Additionally to that we have to make the direction of the transfer explicit by extending the @ana of the measure. Putting bk:commodity, bk:service or bk:money together with bk:from or bk:to in the same @ana-attribute indicates the receiver of the respective economic good as indicated in the close context of the annotation. Therefore, a transaction recorded in an account of the Stagville company identifies one party in the every transaction already in the heading:


<head><name ana="bk:to" ref="#between.1">Stagville</name> August 1st 1808</head>
              

The other parties can occur in each single entry:


<p ana="bk:entry">paid to <name ana="bk:from" ref="#between.2">James Haley</name> for
   <measure ana="bk:service" commodity="labor" unit="day" quantity="3">3 days woodcutting</measure>
   <measure ana="bk:money" quantity="6" unit="dollar">6 d.</measure></p>
              

To make clear, which party is receiving the money, the encoding with @ana="bk:money" has to carry the appropriate bk:from / bk:to:


<p ana="bk:entry">paid to <name ana="bk:from" ref="#between.2">James Haley</name> for 
  <measure ana="bk:service bk:to" commodity="labor" unit="day" quantity="3">3 days woodcutting</measure> 
  <measure ana="bk:money bk:from" quantity="6" unit="dollar">6 d.</measure>
</p>
            

The transfer of a monetary value is always encoded explicitely in the DEPCHA.
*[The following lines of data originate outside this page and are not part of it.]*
lemma breakpoints_ends:
  "2 \<le> length (breakpoints q s t) \<and> hd (breakpoints q s t) = s \<and> last (breakpoints q s t) = t"
proof (induction q s t rule: breakpoints.induct)
  case (1 q s t)
  then show ?case
    by (cases "q = 0 \<or> t \<le> s + q") (auto simp: breakpoints_base breakpoints_step)
qed

lemma successively_breakpoints:
  "s\<^sub>0 \<le> s \<Longrightarrow> s < t \<Longrightarrow> 0 < q \<Longrightarrow>
    successively (\<lambda>p p'. s\<^sub>0 \<le> p \<and> p < p' \<and> p' - p \<le> q \<and> p' \<le> t) (breakpoints q s t)"
proof (induction q s t rule: breakpoints.induct)
  case (1 q s t)
  show ?case
  proof (cases "t \<le> s + q")
    case True
    then show ?thesis using "1.prems" by (simp add: breakpoints_base)
  next
    case False
    then obtain ps where "breakpoints q (s + q) t = (s + q) # ps"
      using breakpoints_ends[of q "s + q" t] by (cases "breakpoints q (s + q) t") auto
    then show ?thesis using "1" False by (simp add: breakpoints_step)
  qed
qed

lemma length_breakpoints_le:
  "0 < q \<Longrightarrow> s < t \<Longrightarrow> t - s \<le> m * q \<Longrightarrow> length (breakpoints q s t) \<le> m + 1"
proof (induction q s t arbitrary: m rule: breakpoints.induct)
  case (1 q s t)
  show ?case
  proof (cases "t \<le> s + q")
    case True
    then have "1 \<le> m" using "1.prems" by (cases m) auto
    then show ?thesis using True by (simp add: breakpoints_base)
  next
    case False
    then have "t - (s + q) \<le> (m - 1) * q" using "1.prems" by (simp add: diff_mult_distrib)
    then have "length (breakpoints q (s + q) t) \<le> m" using "1" False by fastforce
    then show ?thesis using False "1.prems" by (simp add: breakpoints_step)
  qed
qed

lemma breakpoints_blocks:
  assumes "s < t" "t - s \<le> m * q"
  shows "successively (\<lambda>p p'. s \<le> p \<and> p < p' \<and> p' - p \<le> q \<and> p' \<le> t) (breakpoints q s t)"
    and "2 \<le> length (breakpoints q s t)" "length (breakpoints q s t) \<le> m + 1"
    and "hd (breakpoints q s t) = s" "last (breakpoints q s t) = t"
proof -
  have "0 < q" using assms by (cases q) auto
  then show "successively (\<lambda>p p'. s \<le> p \<and> p < p' \<and> p' - p \<le> q \<and> p' \<le> t) (breakpoints q s t)"
    and "length (breakpoints q s t) \<le> m + 1"
    using assms successively_breakpoints length_breakpoints_le by auto
qed (use breakpoints_ends in auto)

definition walk :: "(nat \<Rightarrow> 'a \<Rightarrow> 'a) \<Rightarrow> nat \<Rightarrow> nat \<Rightarrow> 'a \<Rightarrow> 'a" where
  "walk \<sigma> s t = fold \<sigma> [Suc s..<Suc t]"

lemma walk_trans: "s \<le> u \<Longrightarrow> u \<le> t \<Longrightarrow> walk \<sigma> u t (walk \<sigma> s u a) = walk \<sigma> s t a"
proof -
  assume "s \<le> u" "u \<le> t"
  then have "[Suc s..<Suc t] = [Suc s..<Suc u] @ [Suc u..<Suc t]"
    using upt_add_eq_append[of "Suc s" "Suc u" "t - u"] by simp
  then show ?thesis by (simp add: walk_def)
qed

lemma walk_Suc: "walk \<sigma> s (Suc s) = \<sigma> (Suc s)"
  by (simp add: walk_def fun_eq_iff)
(* In the arrow category $\mathrm{Arr}(\mathrm{Ab})$ of abelian groups (i.e. $\mathscr{A}^\mathbb{T}$ with $\mathscr{A}=\mathrm{Ab}$, $\mathbb{T}$ the walking arrow $1\to0$, $\mathbb{S}=\{0\}$, so that $\mathscr{F}$ consists of arrows $0\to A$ and the reflection sends $a:A_1\to A_0$ to $\mathrm{Cok}(a)$), the morphism of arrows $(f_0,f_1)$ from $1_\mathbb{Z}:\mathbb{Z}\to\mathbb{Z}$ to $\mathbb{Z}\to0$ with $f_1=1_\mathbb{Z}$ and $f_0:\mathbb{Z}\to0$ is an extension which is central but not trivial with respect to $\mathscr{F}$. Consequently the torsion class $\mathscr{T}$ of the torsion theory $(\mathscr{T},\mathscr{F})$ in $\mathrm{Arr}(\mathrm{Ab})$ is not closed under regular subobjects.
   Context: An extension in $\mathrm{Arr}(\mathscr{A})$ from $a:A_1\to A_0$ to $b:B_1\to B_0$ is a commutative square $(f_0,f_1)$ with $f_0,f_1$ regular epimorphisms. It is trivial if the naturality square of the unit of the reflection into $\mathscr{F}$ is a pullback; central if its pullback along some regular epimorphism $p$ is trivial. $\mathscr{T}$ consists of the arrows $a:A_1\to A_0$ that are epimorphisms (the torsion class of the torsion theory whose torsion-free class is $\mathscr{F}$). *)

theory Defs
  imports "HOL-Algebra.Elementary_Groups" "HOL-Algebra.Coset"
begin

definition arr_obj :: "('a,'x) monoid_scheme \<Rightarrow> ('b,'y) monoid_scheme \<Rightarrow> ('a \<Rightarrow> 'b) \<Rightarrow> bool" where
  "arr_obj A1 A0 a \<longleftrightarrow> comm_group A1 \<and> comm_group A0 \<and> a \<in> hom A1 A0"
lemma prob_depth_law_minus_poisson:
  fixes k :: nat
  assumes \<theta>: "\<theta> > 0"
  defines "l \<equiv> 1 + harm_sum \<theta> k"
  shows "measure_pmf.prob (depth_law \<theta> (Suc (Suc k))) A - measure_pmf.prob (poisson_pmf l) A
    = (\<Sum>d\<le>Suc k. stein_mass \<theta> k d
        * measure_pmf.expectation (poisson_pmf l) (\<lambda>j. indicator A j * stein_sol_diff l d j))"
proof -
  have l: "l > 0" using harm_sum_nonneg[OF \<theta>, of k] by (simp add: l_def add_pos_nonneg)
  let ?M = "measure_pmf (poisson_pmf l)"
  have int_A: "integrable ?M (\<lambda>j. indicator A j * stein_sol_diff l d j)" for d
    using integrable_real_mult_indicator[OF _ integrable_stein_sol_diff[OF l], of A d]
    by (simp add: mult.commute)
  have support: "a \<in> {..Suc k}" if "depth_pmf \<theta> k a \<noteq> 0" for a
    using that depth_pmf_eq_0[OF \<theta>, of a k] by (meson atMost_iff not_le)
  have "measure_pmf.prob (depth_law \<theta> (Suc (Suc k))) A
      = integral\<^sup>L (measure_pmf (depth_law \<theta> (Suc (Suc k)))) (indicator A)"
    by simp
  also have "\<dots> = (\<Sum>j\<le>Suc k. indicator A j * depth_pmf \<theta> k j)"
    by (subst integral_measure_pmf_real[of "{..Suc k}"])
      (auto simp: depth_pmf_def set_pmf_iff dest: support[unfolded depth_pmf_def])
  also have "\<dots> = integral\<^sup>L ?M (\<lambda>j. indicator A j * (depth_pmf \<theta> k j / poisson_weight l j))"
  proof -
    have "integral\<^sup>L ?M (\<lambda>j. indicator A j * (depth_pmf \<theta> k j / poisson_weight l j))
        = (\<Sum>j\<le>Suc k. indicator A j * (depth_pmf \<theta> k j / poisson_weight l j) * pmf (poisson_pmf l) j)"
      by (rule integral_measure_pmf_real) (auto dest: support)
    also have "\<dots> = (\<Sum>j\<le>Suc k. indicator A j * depth_pmf \<theta> k j)"
      using poisson_weight_pos[OF l, THEN less_imp_neq]
      by (intro sum.cong) (simp_all add: pmf_poisson_pmf_eq_weight[OF l])
    finally show ?thesis by simp
  qed
  also have "\<dots> = integral\<^sup>L ?M (\<lambda>j. indicator A j
      + (\<Sum>d\<le>Suc k. stein_mass \<theta> k d * (indicator A j * stein_sol_diff l d j)))"
    using depth_pmf_div_poisson_weight[OF \<theta>, of k, folded l_def]
    by (simp add: sum_distrib_left[symmetric] algebra_simps del: sum.atMost_Suc)
  also have "\<dots> = measure_pmf.prob (poisson_pmf l) A
      + (\<Sum>d\<le>Suc k. stein_mass \<theta> k d * integral\<^sup>L ?M (\<lambda>j. indicator A j * stein_sol_diff l d j))"
    using int_A
    by (subst Bochner_Integration.integral_add)
      (auto intro!: measure_pmf.integrable_const_bound[where B = 1] split: split_indicator
        simp: Bochner_Integration.integral_sum simp del: sum.atMost_Suc)
  finally show ?thesis by simp
qed

lemma abs_prob_depth_law_minus_poisson_le:
  fixes k :: nat
  assumes \<theta>: "\<theta> > 0"
  defines "l \<equiv> 1 + harm_sum \<theta> k"
  shows "\<bar>measure_pmf.prob (depth_law \<theta> (Suc (Suc k))) A - measure_pmf.prob (poisson_pmf l) A\<bar>
    \<le> 2 * (1 + harm_sum2 \<theta> k) / l"
proof -
  have l: "l > 0" using harm_sum_nonneg[OF \<theta>, of k] by (simp add: l_def add_pos_nonneg)
  have "\<bar>measure_pmf.prob (depth_law \<theta> (Suc (Suc k))) A - measure_pmf.prob (poisson_pmf l) A\<bar>
      \<le> (\<Sum>d\<le>Suc k. \<bar>stein_mass \<theta> k d
          * measure_pmf.expectation (poisson_pmf l) (\<lambda>j. indicator A j * stein_sol_diff l d j)\<bar>)"
    unfolding prob_depth_law_minus_poisson[OF \<theta>, of k, folded l_def] by (rule sum_abs)
  also have "\<dots> \<le> (\<Sum>d\<le>Suc k. stein_mass \<theta> k d * (2 / l))"
    by (intro sum_mono) (simp only: abs_mult abs_of_nonneg[OF stein_mass_nonneg[OF \<theta>]]
      mult_left_mono[OF abs_integral_indicator_stein_sol_diff[OF l] stein_mass_nonneg[OF \<theta>]])
  also have "\<dots> = 2 * (1 + harm_sum2 \<theta> k) / l"
    using sum_stein_mass[OF \<theta>, of k "Suc k"]
    by (simp add: sum_divide_distrib[symmetric] sum_distrib_right[symmetric] del: sum.atMost_Suc)
  finally show ?thesis .
qed

lemma dTV_nonneg: "dTV P Q \<ge> 0"
proof -
  have "\<bar>measure_pmf.prob P A - measure_pmf.prob Q A\<bar> \<le> 1" for A
    using measure_pmf.prob_le_1[of P A] measure_pmf.prob_le_1[of Q A]
      measure_nonneg[of P A] measure_nonneg[of Q A] by linarith
  then show ?thesis
    unfolding dTV_def by (intro cSUP_upper2[where x = "{}"] bdd_aboveI2[where M = 1]) auto
qed

lemma dTV_le:
  assumes "\<And>A. \<bar>measure_pmf.prob P A - measure_pmf.prob Q A\<bar> \<le> B"
  shows "dTV P Q \<le> B"
  unfolding dTV_def using assms by (intro cSUP_least) auto

lemma dTV_depth_law_poisson_le:
  assumes "\<theta> > 0"
  shows "dTV (depth_law \<theta> (Suc (Suc k))) (poisson_pmf (1 + harm_sum \<theta> k))
    \<le> 2 * (1 + harm_sum2 \<theta> k) / (1 + harm_sum \<theta> k)"
  by (intro dTV_le abs_prob_depth_law_minus_poisson_le assms)

lemma dTV_depth_law_poisson_bigo:
  assumes \<theta>: "\<theta> > 0"
  shows "(\<lambda>n. dTV (depth_law \<theta> n) (poisson_pmf (measure_pmf.expectation (depth_law \<theta> n) real)))
    \<in> O(\<lambda>n. 1 / ln (real n))"
proof (rule bigoI)
  define E where "E n = measure_pmf.expectation (depth_law \<theta> n) real" for n
  define c where "c = Digamma (\<theta> + 1)"
  have "\<forall>\<^sub>F n in sequentially. \<bar>E n - (ln (real n) - c + 1)\<bar> < 1"
    using order_tendstoD(2)[OF tendsto_rabs_zero[OF expectation_depth_law_asymp[OF \<theta>]], of 1]
    by (simp add: E_def c_def)
  moreover have "\<forall>\<^sub>F n in sequentially. ln (real n) \<ge> 2 * (\<bar>c\<bar> + 1)"
    using filterlim_compose[OF ln_at_top filterlim_real_sequentially] by (simp add: filterlim_at_top)
  ultimately show "\<forall>\<^sub>F n in sequentially. norm (dTV (depth_law \<theta> n) (poisson_pmf (E n)))
       \<le> (4 * (1 + Polygamma 1 (\<theta> + 1))) * norm (1 / ln (real n))"
    using eventually_ge_at_top[of 2]
  proof eventually_elim
    case (elim n)
    define k where "k = n - 2"
    have n: "n = Suc (Suc k)" using elim(3) by (simp add: k_def)
    have E: "E n = 1 + harm_sum \<theta> k" unfolding E_def n by (rule expectation_depth_law_real[OF \<theta>])
    have ln_pos: "ln (real n) > 0" and E_ge: "E n \<ge> ln (real n) / 2"
      using elim(1,2) abs_ge_self[of c] by (auto simp: abs_less_iff)
    have "norm (dTV (depth_law \<theta> n) (poisson_pmf (E n))) \<le> 2 * (1 + harm_sum2 \<theta> k) / E n"
      using dTV_nonneg dTV_depth_law_poisson_le[OF \<theta>, of k] unfolding E unfolding n by simp
    also have "\<dots> \<le> 2 * (1 + Polygamma 1 (\<theta> + 1)) / (ln (real n) / 2)"
      using harm_sum2_le_Polygamma[OF \<theta>, of k] harm_sum2_nonneg[of \<theta> k] ln_pos E_ge
      by (intro divide_mono) auto
    also have "\<dots> = (4 * (1 + Polygamma 1 (\<theta> + 1))) * norm (1 / ln (real n))"
      using ln_pos by simp
    finally show ?case .
  qed
qed
(* Let $\mathcal D$ be a $(\gamma,V)$-stable distribution of $\mathbf X$. Let $E_*$ be an optimal equivalence class, let $G^*\in E_*$, and let $F\subseteq G^*$ be the set of families of the variables of $\bar V$ in $G^*$. Then: (1) $G^*\setminus F\in\mathcal G_V$; (2) $\mathcal S(G^*\setminus F)=\max_{G\in\mathcal G_V}\mathcal S(G)$; (3) the score of $F$ is maximal among the legal family sets for $\bar V$.
   Context: $\mathbf X=(X_1,\dots,X_d)$ is a random vector; $k$ a fixed positive integer. A family is $\langle X_i,\Pi\rangle$ with $\Pi\subseteq\mathbf X\setminus\{X_i\}$, $|\Pi|\le k$, and $H(\langle X_i,\Pi\rangle)=H(X_i\mid\Pi)$; $\mathcal F_{d,k}$ is the set of families. $\mathcal G_{d,k}$ = DAGs over $\mathbf X$ with in-degree $\le k$, identified with their family sets; for a family set $F$, $\mathcal S(F)=-\sum_{f\in F}H(f)$; $\mathcal S^*=\max_{G\in\mathcal G_{d,k}}\mathcal S(G)$. Markov equivalence classes (ECs) on $\mathcal G_{d,k}$ group DAGs with the same conditional independence constraints and share a score; an optimal EC has score $\mathcal S^*$. For $V\subseteq\mathbf X$, $\bar V:=\mathbf X\setminus V$, and $\mathcal G_V$ is the set of DAGs over $V$ with in-degree at most $k$. A legal family set for $\bar V$ is a set $F\subseteq\mathcal F_{d,k}$ containing exactly one family for each variable in $\bar V$ and no other families, and having no (directed) cycles. $(\gamma,V)$-stable: for $\gamma>0$ and $V\subseteq\mathbf X$, (1) in every $G\in\mathcal G_{d,k}$ with $\mathcal S(G)\ge\mathcal S^*-\gamma$ all parents of every variable in $V$ are in $V$; (2) for the marginal distribution on $V$ (over $\mathcal G_V$) there is a unique optimal EC and the score gap between the best and second-best EC is more than $\gamma$. *)

theory Defs
  imports "HOL-Probability.Probability_Mass_Function"
begin

text \<open>Variables X_0,...,X_{d-1} are identified with the indices 0..<d.
  A joint distribution of X is a pmf on assignments nat => 'v with 'v finite
  (coordinates >= d are irrelevant).  A family <X_i, Pi> is a pair (i, Pi).\<close>

type_synonym family = "nat \<times> nat set"

definition ent :: "(nat \<Rightarrow> 'v::finite) pmf \<Rightarrow> nat set \<Rightarrow> real" where
  "ent P S = (let Q = map_pmf (\<lambda>x i. if i \<in> S then x i else undefined) P in
      - (\<Sum>a\<in>set_pmf Q. pmf Q a * log 2 (pmf Q a)))"

definition Hfam :: "(nat \<Rightarrow> 'v::finite) pmf \<Rightarrow> family \<Rightarrow> real" where
  "Hfam P f = ent P (insert (fst f) (snd f)) - ent P (snd f)"

definition score :: "(nat \<Rightarrow> 'v::finite) pmf \<Rightarrow> family set \<Rightarrow> real" where
  "score P F = - (\<Sum>f\<in>F. Hfam P f)"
All of this can lead, for instance, to the following encoding, in which the parties in the transaction are both encoded external to the single entry:


<body>
<head><name ana="bk:to" ref="#between.1">Stagville</name> August 1st 1808</head>
<table>
	<head>69 <name ana="bk:from" ref="#between.2">James Haley</name> J Self Dr.</head>
	<row ana="bk:entry">
		<cell>
			<measure ana="bk:commodity bk:from" commodity="powder" quantity="0.25" unit="lb"> 1/4 lb Powder <measure ana="bk:price" quantity="2" unit="shilling">2</measure> / <measure
					ana="bk:price" quantity="6" unit="pence">6</measure>
			</measure>
			<measure ana="bk:commodity bk:from" commodity="shot" quantity="1" unit="lb"> 1 lb Shot <measure ana="bk:price" quantity="2" unit="shilling">2</measure> / <measure ana="bk:price"
					quantity="6" unit="pence">6</measure>
			</measure>
			<measure ana="bk:commodity bk:from" commodity="sugar" quantity="1" unit="lb"> 1 lb Sugar <measure ana="bk:price" quantity="2" unit="shilling">2</measure> / <measure ana="bk:price"
					quantity="6" unit="pence">6</measure>
			</measure>
		</cell>
		<cell/>
		<cell><measure ana="bk:money bk:to" quantity="7" unit="shilling">7</measure></cell>
		<cell><measure ana="bk:money bk:to" quantity="6" unit="pence">6</measure></cell>
	</row>
</table>
</body>

Date and Debit/Credit

Further information we may want to add to this bk:Transaction is the date and the booking with debit or credit. Using the TEI date element with @when like @ana=”bk:when” adds the date of transaction to the entry. To add the information of booking on credit or debit you can use a TEI span with a @ana="bk:debit" or @ana="bk:credit":


<body>
<head>
	<name ana="bk:to" ref="#between.1">Stagville</name> 
	<date ana="bk:when" when="1808-08-01">August 1st 1808</date>
</head>
<table>
<head>
	69 <name ana="bk:from" ref="#between.2">James Haley</name> J Self <span ana="bk:debit">Dr.</span>
</head>
		...

Transaction Status and Agent

Here is another example of a transcription of a bk:Entry in the Wheaton day book.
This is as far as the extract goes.